Rachel’s face and Katie are in the same frame…but not their faces. For this portion of the single-take shot, Katie’s body is only shown from the neck down. Once the door closes and Rachel is out of the shot, Katie’s face returns to the screen. Even in wider shots physically involving both sisters simultaneously, Jacobs emphasizes how these siblings are isolated from one another. Similarly, Vincent is kept largely off-screen, his absence from His Three Daughters quietly reinforcing hos far gone he is mentally. These framing choices, echoing Chinonye Chukwu’s isolation-informed filmmaking in Clemency, nicely accentuate the emotional gulfs between the inhabitants of this cramped apartment.

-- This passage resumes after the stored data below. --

lemma openin_compact_open_subbasic:
  assumes "compactin TX K" "openin TY U"
  shows "openin (compact_open TX TY) {f \<in> cmaps TX TY. f ` K \<subseteq> U}"
  unfolding compact_open_def using assms by (intro topology_generated_by_Basis) blast

lemma continuous_map_into_compact_open:
  assumes "\<And>z. z \<in> topspace T \<Longrightarrow> h z \<in> cmaps TX TY"
    and "\<And>K U. compactin TX K \<Longrightarrow> openin TY U \<Longrightarrow>
          openin T {z \<in> topspace T. h z ` K \<subseteq> U}"
  shows "continuous_map T (compact_open TX TY) h"
  unfolding compact_open_def
proof (rule continuous_on_generated_topo)
  fix V assume "V \<in> {{f \<in> cmaps TX TY. f ` K \<subseteq> U} | K U. compactin TX K \<and> openin TY U}"
  then obtain K U where V: "V = {f \<in> cmaps TX TY. f ` K \<subseteq> U}" "compactin TX K" "openin TY U"
    by blast
  have "h -` V \<inter> topspace T = {z \<in> topspace T. h z ` K \<subseteq> U}"
    using V(1) assms(1) by auto
  then show "openin T (h -` V \<inter> topspace T)"
    using assms(2)[OF V(2,3)] by (simp only:)
next
  show "h ` topspace T \<subseteq>
      \<Union>{{f \<in> cmaps TX TY. f ` K \<subseteq> U} | K U. compactin TX K \<and> openin TY U}"
    unfolding Union_compact_open_subbasis using assms(1) by blast
qed

lemma continuous_map_evaluation_compact_open:
  assumes "x \<in> topspace TX"
  shows "continuous_map (compact_open TX TY) TY (\<lambda>f. f x)"
  unfolding continuous_map_def
proof (intro conjI allI impI)
  show "(\<lambda>f. f x) \<in> topspace (compact_open TX TY) \<rightarrow> topspace TY"
  proof
    fix f assume "f \<in> topspace (compact_open TX TY)"
    then have "continuous_map TX TY f" by (simp add: cmaps_def)
    then show "f x \<in> topspace TY" using assms by (meson continuous_map_funspace funcset_mem)
  qed
next
  fix U assume "openin TY U"
  moreover have "compactin TX {x}" using assms by simp
  ultimately have "openin (compact_open TX TY) {f \<in> cmaps TX TY. f ` {x} \<subseteq> U}"
    by (rule openin_compact_open_subbasic[rotated])
  then show "openin (compact_open TX TY) {f \<in> topspace (compact_open TX TY). f x \<in> U}"
    by simp
qed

That’s one of the more intriguing visual details in His Three Daughters, which otherwise opts for standard framing with its dialogue-heavy narrative. Speaking of dialogue, the screenwriting from Jacobs functions best with emotionally jagged phrases. Katie and Rachel’s messiest interactions, for instance, really soar in depicting an authentically troubled sibling dynamic. Other more didactic pieces of dialogue feel incongruous to the rest of the proceedings. Jovan Adepo’s supporting character Benjy especially suffers from these problems. Even an actor as skilled as Adepo can’t make some of his character’s frank phrasing click into place.
Thankfully, the big emotional points in the His Three Daughters script are handled with delicate care. This includes a mesmerizingly bittersweet finale that, on paper, should be a syrupy mess. In execution, it's tremendously moving. Most importantly, His Three Daughters let us all revel in the prowess of Coon, Lyonne, and Olsen as actors. If there’s any reason you must see His Three Daughters ASAP, it’s to bask in their greatness. That or you’re an Azazel Jacobs die-hard fan eager to see him regain his creative footing after his 2021 misfire French Exit.